Applicant's summary and conclusion

Validity criteria fulfilled:

yes

Conclusions:

Under the conditions of this study, the 72 and 120 hour EC50 values (and their 95 % confidence intervals) for algal growth were 259 (0.0 - 534.8) and 364 (175.4 - 552.7) mg/L, respectively, and for percent inhibition were 310 (5.1 - ∞) and 140 (18.1 - 1080.3) mg/L, respectively. The 120 hour NOEC for algal growth was 126 mg/L.

Executive summary:

The toxicity of the test material to aquatic algae was investigated in a study which was conducted under GLP conditions and in accordance with the standardised guidelines OECD 201 and 40 CFR Part 797 Subpart B.
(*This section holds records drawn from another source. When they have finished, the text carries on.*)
(* Assume the growth conditions (G) and (C) hold with exponent $q_a\in\{0,1\}$. Let $q\ge1$. If $q_a=0$ assume $P$ has a finite $q$-th moment; if $q_a=1$ assume $P$ has a finite $(q+1)$-th moment. Let $g:\mathbb{R}^D\to\mathbb{R}^D$ be $C^1$ with $\|g(x)\|_2\le C_0(1+\|x\|_2^{q-1})$ and $\|\nabla g(x)\|_{\mathrm{op}}\le C_1(1+\|x\|_2^{q-1})$ for all $x\in\mathbb{R}^D$ and some constants $C_0,C_1>0$. Then $\mathbb{E}_{X\sim P}[\mathcal{T}_Pg(X)]=0$.
   Context: Setting: $P$ is a probability distribution on $\mathbb{R}^D$ with a positive continuously differentiable density $p$. Let $\sigma:\mathbb{R}^D\to\mathbb{R}^{D\times D'}$, $a(x)=\sigma(x)\sigma(x)^\top$, let $c:\mathbb{R}^D\to\mathbb{R}^{D\times D}$ be skew-symmetric ($c(x)=-c(x)^\top$), and $m=a+c$, with $x\mapsto p(x)m(x)$ continuously differentiable. For a matrix-valued $F$, $\langle\nabla,F(x)\rangle_i=\sum_j\partial_jF_{ji}(x)$. The drift is $b(x)=\langle\nabla,p(x)m(x)\rangle/(2p(x))$. For differentiable $g:\mathbb{R}^D\to\mathbb{R}^D$ let $(\nabla g(x))_{ij}=\partial_ig_j(x)$; the diffusion Stein operator is $\mathcal{T}_Pg(x)=\frac1{p(x)}\langle\nabla,p(x)m(x)g(x)\rangle=2\langle b(x),g(x)\rangle+\langle m(x),\nabla g(x)\rangle$ with $\langle A,B\rangle=\sum_{ij}A_{ij}B_{ij}$. $\|\cdot\|_{\mathrm{op}}$ is the operator norm, $\|\cdot\|_F$ the Frobenius norm. Condition (G): there are $q_a\in\{0,1\}$ and $\lambda_b,\lambda_\sigma,\lambda_a>0$ with $\|b(x)\|_2\le\frac{\lambda_b}4(1+\|x\|_2)$, $\|\sigma(x)\|_F\le\frac{\lambda_\sigma}4(1+\|x\|_2)$, $\|a(x)\|_{\mathrm{op}}\le\frac{\lambda_a}4(1+\|x\|_2^{q_a+1})$ for all $x$. Condition (C): there is $\lambda_c>0$ with $\|c(x)\|_{\mathrm{op}}\le\frac{\lambda_c}4(1+\|x\|_2)^{q_a+1}$ for all $x$, with the same $q_a$. *)

theory Defs
  imports "HOL-Analysis.Analysis" "HOL-Probability.Probability"
begin
section \<open>Positivity of \<open>\<sigma>\<^sub>M\<close> yields a quadrature rule\<close>

locale nonneg_sigma = hermitian_functional +
  assumes sigma_nonneg: "Ad p \<Longrightarrow> Ad q \<Longrightarrow> 0 \<le> sigmaM L d p q"
begin

lemma ip_compM_eigvec:
  assumes v: "Ad v" "M v = smult a v" and x: "Ad x"
  shows "ip (M x) v = a * ip x v"
proof -
  define w where "w = ip (M x) v - a * ip x v"
  have nonneg: "0 \<le> 2 * Re (s * w) + (cmod s)^2 * Re (ip x x)" for s
  proof -
    have "0 \<le> sigmaM L d (smult (- cnj a) v + smult s x) v"
      using v x by (intro sigma_nonneg) simp_all
    then show ?thesis unfolding sigmaM_eigvec_perturbation[OF v x] w_def .
  qed
  have "Re w = 0"
    by (rule nonneg_quadratic_imp_linear_coeff_eq_0[of _ "Re (ip x x)"])
       (use nonneg[of "of_real t" for t] in \<open>simp add: mult.assoc\<close>)
  moreover have "- Im w = 0"
    by (rule nonneg_quadratic_imp_linear_coeff_eq_0[of _ "Re (ip x x)"])
       (use nonneg[of "\<i> * of_real t" for t] in \<open>simp add: norm_mult mult.assoc\<close>)
  ultimately show ?thesis by (simp add: w_def complex_eq_iff)
qed

text \<open>A double root \<open>a\<close> would give a Jordan chain \<open>M u = a u + v\<close>, against
  \<open>ip_compM_eigvec\<close>.\<close>
lemma orth_poly_cofactor_root_nonzero:
  assumes fac: "orth_poly = [:- a, 1:] * v"
  shows "poly v a \<noteq> 0"
proof
  assume "poly v a = 0"
  then obtain u where u: "v = [:- a, 1:] * u" by (auto simp: poly_eq_0_iff_dvd dvd_def)
  have "Ad v" and Mv: "M v = smult a v" using compM_orth_poly_cofactor[OF fac] by simp_all
  have "v \<noteq> 0" using fac degree_orth_poly by auto
  then have "degree v = 1 + degree u"
    unfolding u by (subst degree_mult_eq) auto
  then have "Ad u" using \<open>Ad v\<close> by (simp add: Ad_def)
  have "M u = smult a u + v"
  proof (rule compM_eqI)
    show "Ad u" "Ad (smult a u + v)" using \<open>Ad u\<close> \<open>Ad v\<close> by simp_all
    show "ip (pCons 0 u - (smult a u + v)) r = 0" if "Ad r" for r
      using that by (simp add: u)
  qed
  then have "ip v v = 0"
    using ip_compM_eigvec[OF \<open>Ad v\<close> Mv \<open>Ad u\<close>] \<open>Ad u\<close> \<open>Ad v\<close> by simp
  then show False using ip_self_eq_0 \<open>Ad v\<close> \<open>v \<noteq> 0\<close> by blast
qed

lemma orth_poly_cofactors_orthogonal:
  assumes "orth_poly = [:- a, 1:] * v" "orth_poly = [:- b, 1:] * w" "a \<noteq> b"
  shows "ip v w = 0"
proof -
  have v: "Ad v" "M v = smult a v" and w: "Ad w" "M w = smult b w"
    using compM_orth_poly_cofactor[OF assms(1)] compM_orth_poly_cofactor[OF assms(2)] by simp_all
  have "a * ip v w = b * ip v w"
    using ip_compM_eigvec[OF w v(1)] v w by simp
  then show ?thesis using \<open>a \<noteq> b\<close> by simp
qed

end

locale orth_poly_roots = nonneg_sigma +
  fixes root :: "nat \<Rightarrow> complex"
  assumes orth_poly_eq_prod: "orth_poly = (\<Prod>i<Suc d. [:- root i, 1:])"
begin

abbreviation cofactor :: "nat \<Rightarrow> complex poly" where
  "cofactor \<equiv> node_cofactor root {..<Suc d}"

lemma orth_poly_eq_cofactor: "k \<le> d \<Longrightarrow> orth_poly = [:- root k, 1:] * cofactor k"
  unfolding orth_poly_eq_prod by (rule linear_factor_mult_node_cofactor[symmetric]) simp_all

lemma Ad_cofactor: "k \<le> d \<Longrightarrow> Ad (cofactor k)"
  using compM_orth_poly_cofactor orth_poly_eq_cofactor by blast

lemma poly_cofactor_root_nonzero: "k \<le> d \<Longrightarrow> poly (cofactor k) (root k) \<noteq> 0"
  using orth_poly_cofactor_root_nonzero orth_poly_eq_cofactor by blast

lemma poly_orth_poly_root: "k \<le> d \<Longrightarrow> poly orth_poly (root k) = 0"
  by (simp add: orth_poly_eq_cofactor)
During the study, the freshwater green alga Selenastrum capricornutum Printz was exposed to the test material, at nominal concentrations of 0 (control), 15.75, 31.5, 63, 126, 252 and 504 mg/L, for 5 days. The EC50 values, together with the NOEC, were based on nominal concentrations.

Under the conditions of this study, the 72 and 120 hour EC50 values (and their 95 % confidence intervals) for algal growth were 259 (0.0 - 534.8) and 364 (175.4 - 552.7) mg/L, respectively, and for percent inhibition were 310 (5.1 - ∞) and 140 (18.1 - 1080.3) mg/L, respectively. The 120 hour NOEC for algal growth was 126 mg/L. Results are based on nominal test concentrations.